Investigators are considering bringing charges against Ray in a case that has cast a harsh spotlight on him and his self-help empire as he led dozens of people into the sweat lodge during a five-day retreat that cost more than $9,000 per person. He has hired his own investigative team to try to determine what went wrong.
Ray led the group in chants and prayers during the ceremony, Bunn said. People were not physically forced to stay inside but chided by Ray if they wanted to leave as he told them they were stronger than their bodies and weakness could be overcome.
Bunn lasted the entire two hours, but nearly two dozen others suffered serious injuries that sent them to the hospital.

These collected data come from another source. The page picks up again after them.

(* Let $\mathcal{G}=(\mathcal{V},\mathcal{E})$ be connected, $c\in\mathbb{R}^n$, $\bar c=\frac1n\sum_ic_i$, $R_0=\tfrac12\|c-\bar c\mathbf{1}\|^2$, and let $\{\lambda^t\}_{t\ge0}$ be positive stepsizes. Set $x^0=c$ and for $t\ge0$ choose $e=(i,j)\in\mathcal{E}$ uniformly at random (independently across iterations); if $x_i^t<x_j^t$ set $x_i^{t+1}=x_i^t+\lambda^t$, $x_j^{t+1}=x_j^t-\lambda^t$; otherwise set $x_i^{t+1}=x_i^t-\lambda^t$, $x_j^{t+1}=x_j^t+\lambda^t$; all other coordinates are unchanged. Let $L^t=\frac1m\sum_{(i,j)\in\mathcal{E}}|x_i^t-x_j^t|$, $\alpha^k=\sum_{t=0}^k\lambda^t$, $\beta^k=\sum_{t=0}^k(\lambda^t)^2$. Then for all $k\ge1$ $$\min_{t=0,\dots,k}\mathbb{E}[L^t]\le\sum_{t=0}^k\frac{\lambda^t}{\alpha^k}\mathbb{E}[L^t]\le U^k:=\frac{R_0}{\alpha^k}+\frac{\beta^k}{\alpha^k}.$$ Moreover: (i) if $\lambda^t=\lambda^0>0$ for all $t$, then $U^k=\frac{R_0}{\lambda^0(k+1)}+\lambda^0$; (ii) for fixed $k$ and any $R>0$, over all positive $(\lambda^0,\dots,\lambda^k)$ the quantity $\frac{R+\beta^k}{\alpha^k}$ is minimized by $\lambda^t=\sqrt{R/(k+1)}$ for all $t\le k$, with minimum value $2\sqrt{R/(k+1)}$; in particular if $R\ge R_0$ this choice gives $U^k\le2\sqrt{R/(k+1)}$; (iii) if $\lambda^t=a/\sqrt{t+1}$ with $a>0$, then $$U^k\le\frac{R_0+a^2(\log(k+3/2)+\log 2)}{2a(\sqrt{k+2}-1)}.$$
   Context: $\mathcal{G}$ is an undirected graph with vertices $\mathcal{V}=\{1,\dots,n\}$ and $m=|\mathcal{E}|$ edges, each edge $e=(i,j)$ having an arbitrary but fixed orientation; $\mathbf{1}$ is the all-ones vector in $\mathbb{R}^n$ and $\|\cdot\|$ the Euclidean norm. *)

theory Defs
  imports Complex_Main
begin

type_synonym vec = "nat \<Rightarrow> real"
type_synonym edge = "nat \<times> nat"

text \<open>Graph on vertices {0..<n}; each undirected edge appears once, with a fixed orientation (i,j).\<close>
definition simple_graph :: "nat \<Rightarrow> edge list \<Rightarrow> bool" where
  "simple_graph n E \<longleftrightarrow> distinct E \<and>
     (\<forall>(i,j)\<in>set E. i < n \<and> j < n \<and> i \<noteq> j \<and> (j,i) \<notin> set E)"

definition connected_graph :: "nat \<Rightarrow> edge list \<Rightarrow> bool" where
  "connected_graph n E \<longleftrightarrow>
     (\<forall>u<n. \<forall>v<n. (u, v) \<in> (set E \<union> (set E)\<inverse>)\<^sup>*)"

Kirby Brown, 38, of Westtown, N.Y., and James Shore, 40, of Milwaukee, died upon arrival at a hospital. Liz Neuman, 49, of Prior Lake, Minn., lingered in a coma for more than a week before dying.
Sheriff's investigators in Arizona's Yavapai County are treating the deaths as homicides but have yet to determine the cause.
Investigators are looking into the construction of the sweat lodge, the fact that people had fallen ill at previous sweat ceremonies led by Ray and questionable medical care on site as they try to determine whether criminal negligence contributed to the deaths and illnesses.
Authorities have said a nurse hired by Ray was directing rescue efforts including CPR when emergency crews arrived. Ray is the primary focus of the probe but others also are being investigated, Sheriff Steve Waugh has said.
"I too want to know what happened that caused this horrible tragedy," Ray wrote on his Web site Tuesday.
He vowed to continue with his work.
"I have taken heat for that decision, but if I choose to lock myself in my home, I am sure I would be criticized for hiding and not practicing what I preach," he wrote.